Nel primo caso la vettura è più votata al comfort, ma non rinuncia al piglio sportivo. Negli ultimi due lo sterzo diventa più duro e la risposta del motore si fa più pronta. In Sport il controllo di stabilità diventa più permissivo, mentre in Race si disattiva completamente. Al volante le differenze si percepiscono al minimo e non stravolgono l'animo della vettura, resa meno esasperata in questa sua nuova versione.

Come al solito la dinamica francese è quella che piace, con un retrotreno sempre attento a divertire il pilota di turno, assecondando un certo sovrasterzo in fase di rilascio. L'assetto segue lo schema del modello “normale”, quindi avantreno pseudo McPherson e retrotreno a ruote dipendenti. Gli elementi chiave sono stati irrigiditi e sovradimensionati, in funzione del modello R.S.

Il servosterzo elettrico risponde abbastanza bene ai comandi, troppo morbido per la tipologia di vettura. Forse solo una rivale come Mini è stata capace di fare meglio. In pista, i benefici offerti dall'opzione del telaio Cup, sono evidenti.

Ma non basta un assetto più rigido del 15% e più basso di 3 mm, per sopperire alla mancanza di un vero differenziale autobloccante. Al suo posto un sistema elettronico che frena la ruota che perde aderenza.

L' R.S. Diff. lavora in simbiosi con la trasmissione a doppia frizione EDC a sei rapporti. Un'altra novità assoluta in casa Renault Clio R.S., che lascia al passato il cambio manuale. Le imponenti palette, solidali al piantone dello sterzo, non sono poi così comode e pratiche nell'uso. Il doppia frizione francese ci sa fare sulla strada, ma meno in pista. Un'alternativa manuale sarebbe stata gradita.

E i numeri? Con 200 cv e 240 Nm di coppia motrice potete stare tranquilli che c'è da divertirsi. I dati dichiarati dai tecnici francesi parlano di 6,7 secondi per accelerare da 0 a 100 km/h e 230 km/h di velocità massima. Il consumo medio combinato dovrebbe attestarsi intorno ai 6,3 l/100 km (a patto di guidare in punta di piedi).

Ma la Renault Clio R.S. non è solo cavalli e potenza, perché ha anche un immagine da rispettare. Lo spoiler e il diffusore posteriore rendono il look più aggressivo, senza dimenticare lo sfavillante doppio terminale di scarico. Il corpo vettura rimane fedele a se stesso, grazie alla carrozzeria a cinque porte. La situazione rimane tale anche a bordo, dove i sedili sportivi sono una garanzia dentro le curve, così come il volante in pelle.
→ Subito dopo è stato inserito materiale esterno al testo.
(* Let $q$ be a prime power and $m \ge 2$ an integer, and let $g = \gcd(q-1, m(m-1))$. For any partition $\lambda$ of $m$ such that $S_{\lambda,\mathbb{F}_q}$ is nonempty, $|D_{\lambda,\mathbb{F}_q}| \ge \frac{q-1}{g}$.
   Context: For a partition $\lambda = (\lambda_1,\dots,\lambda_k)$ of $m$ (positive integers summing to $m$), a monic $f \in \mathbb{F}_q[x]$ of degree $m$ has factorization type $\lambda$ if $f = \pi_1\cdots\pi_k$ with the $\pi_i$ distinct monic irreducible polynomials and $\deg \pi_i = \lambda_i$. $S_{\lambda,\mathbb{F}_q}$ is the set of monic squarefree polynomials in $\mathbb{F}_q[x]$ of factorization type $\lambda$, and $D_{\lambda,\mathbb{F}_q} = \{\operatorname{disc}(f) : f \in S_{\lambda,\mathbb{F}_q}\}$. For $f$ of degree $m\ge 2$ with leading coefficient $a_m$ and roots $\alpha_i$ in a splitting field, $\operatorname{disc}(f) = a_m^{2m-2}\prod_{i<j}(\alpha_i-\alpha_j)^2$. *)

theory Defs
  imports "Subresultants.Resultant_Prelim" "HOL-Computational_Algebra.Squarefree"
    "HOL-Library.Multiset"
begin

definition is_partition :: "nat multiset \<Rightarrow> nat \<Rightarrow> bool" where
  "is_partition lam m \<longleftrightarrow> (\<forall>k \<in># lam. k > 0) \<and> sum_mset lam = m"

definition has_fact_type :: "'a::field poly \<Rightarrow> nat multiset \<Rightarrow> bool" where
  "has_fact_type f lam \<longleftrightarrow>
     (\<exists>P. finite P \<and> (\<forall>p\<in>P. monic p \<and> irreducible p) \<and> f = (\<Prod>p\<in>P. p)
          \<and> image_mset degree (mset_set P) = lam)"

definition S_set :: "nat multiset \<Rightarrow> 'a::field poly set" where
  "S_set lam = {f. monic f \<and> degree f = sum_mset lam \<and> squarefree f \<and> has_fact_type f lam}"

text \<open>Discriminant of f of degree m \<ge> 2: (-1)^(m(m-1)/2) Res_{m,m-1}(f,f') / a_m,
  where Res_{m,m-1} is the Sylvester resultant with f' taken of formal degree m-1.
  This equals a_m^(2m-2) prod_{i<j} (alpha_i - alpha_j)^2.\<close>
definition disc :: "'a::field poly \<Rightarrow> 'a" where
  "disc f = (let m = degree f in
     (-1) ^ (m * (m - 1) div 2) * resultant_sub m (m - 1) f (pderiv f) / lead_coeff f)"

definition D_set :: "nat multiset \<Rightarrow> 'a::field set" where
  "D_set lam = disc ` (S_set lam :: 'a poly set)"

end

(* The substitution f(x) \<mapsto> c^m f(x/c) with c \<noteq> 0 multiplies all roots by c.  It is
   multiplicative and invertible, so it preserves monicity, squarefreeness and the factorization
   type, and it multiplies the discriminant by c^(m(m-1)).  Over a finite field a squarefree f is
   coprime to f' (a polynomial with zero derivative is a p-th power), so disc f \<noteq> 0.  Hence
   D_lam contains the translate disc(f) \<cdot> {c^(m(m-1)) | c \<noteq> 0}, and every fibre of
   c \<mapsto> c^k on the unit group has at most gcd(q-1, k) elements. *)

theory Submission
  imports Defs "Berlekamp_Zassenhaus.Unique_Factorization_Poly" "HOL-Library.Cardinality"
begin

(* Polynomial_Factorization also defines an is_partition (on lists of sets); the theorem
   below refers to the one of Defs. *)
hide_const (open) Missing_List.is_partition

section \<open>Sylvester matrices and resultants\<close>

lemma sylvester_mat_sub_index_coeff:
  fixes p q :: "'a::comm_semiring_1 poly"
  assumes p: "degree p \<le> m" and q: "degree q \<le> n" and ij: "i < m + n" "j < m + n"
  shows "sylvester_mat_sub m n p q $$ (i, j) =
    coeff (if i < n then monom 1 (n - 1 - i) * p else monom 1 (m + n - 1 - i) * q) (m + n - 1 - j)"
proof (cases "i < n")
  case True
  have "m + n - 1 - j - (n - 1 - i) = m + i - j" using True ij by linarith
  moreover have "coeff p (m + i - j) = 0" if "j < i" using that p by (intro coeff_eq_0) linarith
  ultimately show ?thesis using True ij by (auto simp: sylvester_mat_sub_index coeff_monom_mult)
next
  case False
  have "m + n - 1 - j - (m + n - 1 - i) = i - j" using False ij by linarith
  moreover have "coeff q (i - j) = 0" if "j < i - n" using that q by (intro coeff_eq_0) linarith
  ultimately show ?thesis using False ij by (auto simp: sylvester_mat_sub_index coeff_monom_mult)
qed

lemma coeff_sum_monom_reversed:
  "coeff (\<Sum>i<n. monom (c i) (n - 1 - i)) k = (if k < n then c (n - 1 - k) else 0)"
proof -
  have "coeff (\<Sum>i<n. monom (c i) (n - 1 - i)) k = (\<Sum>i<n. if i = n - 1 - k \<and> k < n then c i else 0)"
    unfolding coeff_sum coeff_monom by (intro sum.cong) auto
  then show ?thesis by (cases "k < n") auto
qed

lemma coeff_mult_sum_monom_reversed:
  fixes p :: "'a::comm_semiring_1 poly"
  shows "coeff ((\<Sum>i<n. monom (c i) (n - 1 - i)) * p) k
    = (\<Sum>i<n. c i * coeff (monom 1 (n - 1 - i) * p) k)"
  unfolding sum_distrib_right coeff_sum by (intro sum.cong) (auto simp: coeff_monom_mult)

lemma index_transpose_sylvester_mult_vec:
  fixes p q :: "'a::comm_ring_1 poly"
  assumes p: "degree p \<le> m" and q: "degree q \<le> n" and v: "v \<in> carrier_vec (m + n)"
    and j: "j < m + n"
  shows "(transpose_mat (sylvester_mat_sub m n p q) *\<^sub>v v) $ j
    = coeff ((\<Sum>i<n. monom (v $ i) (n - 1 - i)) * p + (\<Sum>i<m. monom (v $ (n + i)) (m - 1 - i)) * q)
        (m + n - 1 - j)"
proof -
  let ?M = "sylvester_mat_sub m n p q"
  let ?a = "\<Sum>i<n. monom (v $ i) (n - 1 - i)" and ?b = "\<Sum>i<m. monom (v $ (n + i)) (m - 1 - i)"
  have low: "(\<Sum>i\<in>{0..<n}. v $ i * ?M $$ (i, j)) = coeff (?a * p) (m + n - 1 - j)"
    unfolding coeff_mult_sum_monom_reversed atLeast0LessThan
    using j p q by (intro sum.cong) (simp_all add: sylvester_mat_sub_index_coeff)
  have "(\<Sum>i\<in>{n..<m + n}. v $ i * ?M $$ (i, j)) = (\<Sum>i<m. v $ (n + i) * ?M $$ (n + i, j))"
    using sum.shift_bounds_nat_ivl[of "\<lambda>i. v $ i * ?M $$ (i, j)" 0 n m]
    by (simp add: add.commute atLeast0LessThan)
  also have "\<dots> = coeff (?b * q) (m + n - 1 - j)"
    unfolding coeff_mult_sum_monom_reversed
    using j p q by (intro sum.cong) (simp_all add: sylvester_mat_sub_index_coeff)
  finally have high: "(\<Sum>i\<in>{n..<m + n}. v $ i * ?M $$ (i, j)) = coeff (?b * q) (m + n - 1 - j)" .
  have "(transpose_mat ?M *\<^sub>v v) $ j = (\<Sum>i\<in>{0..<m + n}. v $ i * ?M $$ (i, j))"
    using j v by (simp add: col_transpose scalar_prod_def mult.commute)
  also have "\<dots> = (\<Sum>i\<in>{0..<n}. v $ i * ?M $$ (i, j)) + (\<Sum>i\<in>{n..<m + n}. v $ i * ?M $$ (i, j))"
    by (rule sum.atLeastLessThan_concat[symmetric]) simp_all
  finally show ?thesis by (simp only: low high coeff_add)
qed

(* a and b are read off a nonzero kernel vector of the transposed Sylvester matrix. *)
lemma resultant_sub_eq_0_imp_relation:
  fixes p q :: "'a::field poly"
  assumes res: "resultant_sub m n p q = 0" and p: "degree p \<le> m" and q: "degree q \<le> n"
  obtains a b where "a * p + b * q = 0" "a \<noteq> 0 \<or> b \<noteq> 0" "b = 0 \<or> degree b < m"
proof -
  let ?N = "m + n"
  let ?M = "sylvester_mat_sub m n p q"
  have M: "?M \<in> carrier_mat ?N ?N" by (rule sylvester_mat_sub_carrier)
  have "det (transpose_mat ?M) = 0"
    using res by (simp add: resultant_sub_def det_transpose[OF M])
  then obtain v where v: "v \<in> carrier_vec ?N" "v \<noteq> 0\<^sub>v ?N" "transpose_mat ?M *\<^sub>v v = 0\<^sub>v ?N"
    using det_0_iff_vec_prod_zero_field[of "transpose_mat ?M" ?N] M by auto
  define a where "a = (\<Sum>i<n. monom (v $ i) (n - 1 - i))"
  define b where "b = (\<Sum>i<m. monom (v $ (n + i)) (m - 1 - i))"
  have coeff_a: "coeff a k = (if k < n then v $ (n - 1 - k) else 0)" for k
    unfolding a_def by (rule coeff_sum_monom_reversed)
  have coeff_b: "coeff b k = (if k < m then v $ (n + (m - 1 - k)) else 0)" for k
    unfolding b_def by (rule coeff_sum_monom_reversed)
  have kernel: "coeff (a * p + b * q) (?N - 1 - j) = 0" if "j < ?N" for j
    using index_transpose_sylvester_mult_vec[OF p q v(1) that] v(3) that by (simp add: a_def b_def)
  have degree: "degree (a * p + b * q) < ?N"
  proof -
    have "?N \<noteq> 0"
    proof
      assume "?N = 0"
      then have "v = 0\<^sub>v ?N" using v(1) by (intro eq_vecI) auto
      with v(2) show False by contradiction
    qed
    moreover have "a = 0 \<or> degree a < n" "b = 0 \<or> degree b < m"
      using coeff_a[of "degree a"] coeff_b[of "degree b"] by (metis leading_coeff_0_iff)+
    ultimately show ?thesis
      using degree_mult_le[of a p] degree_mult_le[of b q] degree_add_le_max[of "a * p" "b * q"] p q
      by auto
  qed
  have "a * p + b * q = 0"
  proof (rule poly_eqI)
    fix k
    show "coeff (a * p + b * q) k = coeff 0 k"
    proof (cases "k < ?N")
      case True
      then show ?thesis using kernel[of "?N - 1 - k"] by simp
    next
      case False
      then show ?thesis using degree coeff_eq_0[of "a * p + b * q" k] by simp
    qed
  qed
  moreover have "a \<noteq> 0 \<or> b \<noteq> 0"
  proof (rule ccontr)
    assume "\<not> (a \<noteq> 0 \<or> b \<noteq> 0)"
    then have "a = 0" "b = 0" by simp_all
    have "v $ i = 0" if "i < ?N" for i
    proof (cases "i < n")
      case True
      then show ?thesis using coeff_a[of "n - 1 - i"] \<open>a = 0\<close> by simp
    next
      case False
      then have "?N - 1 - i < m" "n + (m - 1 - (?N - 1 - i)) = i" using that by linarith+
      then show ?thesis using coeff_b[of "?N - 1 - i"] \<open>b = 0\<close> by simp
    qed
    then have "v = 0\<^sub>v ?N" using v(1) by (intro eq_vecI) auto
    with v(2) show False by contradiction
  qed
  moreover have "b = 0 \<or> degree b < m"
    using coeff_b[of "degree b"] by (metis leading_coeff_0_iff)
  ultimately show ?thesis using that by blast
qed

lemma resultant_sub_nonzero_if_coprime:
  fixes p q :: "'a::field poly"
  assumes cop: "coprime p q" and p: "degree p = m" "0 < m" and q: "degree q \<le> n"
  shows "resultant_sub m n p q \<noteq> 0"
proof
  assume "resultant_sub m n p q = 0"
  then obtain a b where rel: "a * p + b * q = 0" and ab: "a \<noteq> 0 \<or> b \<noteq> 0"
      and b: "b = 0 \<or> degree b < m"
    using resultant_sub_eq_0_imp_relation p q by (metis order_refl)
  have "a * p = (- b) * q" using rel by (simp add: eq_neg_iff_add_eq_0)
  then have "p dvd - b" using cop by (intro some_gcd.coprime_mult_cross_dvd)
  then have "b = 0" using b p by (metis divides_degree dvd_minus_iff leD)
  moreover have "p \<noteq> 0" using p by auto
  ultimately have "a = 0" using rel by simp
  with ab \<open>b = 0\<close> show False by simp
qed

lemma det_scale_rows_cols:
  fixes A :: "'a::comm_ring_1 mat"
  assumes A: "A \<in> carrier_mat n n"
  shows "det (mat n n (\<lambda>(i,j). r i * A $$ (i,j) * s j)) = (\<Prod>i=0..<n. r i * s i) * det A"
proof -
  let ?B = "mat n n (\<lambda>(i,j). r i * A $$ (i,j) * s j)"
  have "signof p * (\<Prod>i=0..<n. ?B $$ (i, p i))
      = (\<Prod>i=0..<n. r i * s i) * (signof p * (\<Prod>i=0..<n. A $$ (i, p i)))"
    if p: "p permutes {0..<n}" for p
  proof -
    have "(\<Prod>i=0..<n. ?B $$ (i, p i)) = (\<Prod>i=0..<n. r i * A $$ (i, p i) * s (p i))"
      using permutes_in_image[OF p] by (intro prod.cong) auto
    also have "\<dots> = (\<Prod>i=0..<n. r i) * (\<Prod>i=0..<n. s (p i)) * (\<Prod>i=0..<n. A $$ (i, p i))"
      by (simp add: prod.distrib ac_simps)
    also have "(\<Prod>i=0..<n. s (p i)) = (\<Prod>i=0..<n. s i)"
      using prod.permute[OF p, of s] by (simp add: comp_def)
    finally show ?thesis by (simp add: prod.distrib ac_simps)
  qed
  then show ?thesis
    by (simp add: det_def'[OF A] det_def'[of ?B n] sum_distrib_left)
qed

lemma resultant_sub_scale_variable:
  fixes p q :: "'a::field poly"
  assumes d: "d \<noteq> 0"
  shows "resultant_sub m n (smult \<alpha> (p \<circ>\<^sub>p [:0, d:])) (smult \<beta> (q \<circ>\<^sub>p [:0, d:]))
       = \<alpha> ^ n * \<beta> ^ m * d ^ (m * n) * resultant_sub m n p q"
proof -
  define r where "r i = (if i < n then \<alpha> * d ^ (m + i) else \<beta> * d ^ i)" for i
  define s where "s j = inverse d ^ j" for j
  let ?M = "sylvester_mat_sub m n p q"
  have cancel: "d ^ i * inverse d ^ i = 1" for i
    using d by (simp add: power_mult_distrib[symmetric])
  have M: "sylvester_mat_sub m n (smult \<alpha> (p \<circ>\<^sub>p [:0, d:])) (smult \<beta> (q \<circ>\<^sub>p [:0, d:]))
      = mat (m + n) (m + n) (\<lambda>(i,j). r i * ?M $$ (i,j) * s j)"
    by (rule eq_matI)
      (auto simp: sylvester_mat_sub_index coeff_pcompose_linear r_def s_def
        power_diff_conv_inverse[OF d] cancel poly_0_coeff_0 ac_simps)
  have "(\<Prod>i=0..<m+n. r i * s i) = (\<Prod>i=0..<n. r i * s i) * (\<Prod>i=n..<m+n. r i * s i)"
    by (simp add: prod.atLeastLessThan_concat)
  also have "\<dots> = (\<Prod>i=0..<n. \<alpha> * d ^ m) * (\<Prod>i=n..<m+n. \<beta>)"
  proof -
    have "r i * s i = \<alpha> * d ^ m * (d ^ i * inverse d ^ i)" if "i < n" for i
      using that by (simp add: r_def s_def power_add ac_simps)
    moreover have "r i * s i = \<beta> * (d ^ i * inverse d ^ i)" if "n \<le> i" for i
      using that by (simp add: r_def s_def ac_simps)
    ultimately show ?thesis by (simp add: cancel)
  qed
  finally have "(\<Prod>i=0..<m+n. r i * s i) = \<alpha> ^ n * \<beta> ^ m * d ^ (m * n)"
    by (simp add: power_mult_distrib power_mult mult.commute)
  then show ?thesis
    unfolding resultant_sub_def M by (simp add: det_scale_rows_cols[OF sylvester_mat_sub_carrier])
qed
Tutto l'infotainment si declina nel formato tablet del sistema R-Link. Nella sfera R.S ciò significa anche R.S Monitor 2.0, un dispositivo integrato nel R-Link che funge da strumento per la telemetria. Se poi quello che cercate è il sound puro, ci sono due strade percorribili. C'è un sistema che amplifica il suono in abitacolo in fase di aspirazione, oppure l'impianto audio è in grado di riprodurre lo stesso rumore offerto da leggende dell'automobilismo come Nissan GT-R e Renault Alpine A110.

Se avete già l'acquolina in bocca, dovrete attendere almeno sino alla fine di aprile, quando la Renault Clio R.S. sarà lanciata al prezzo di 23.500. Se desiderate il telaio Cup, allora dovrete aggiungere altri 1.000 euro.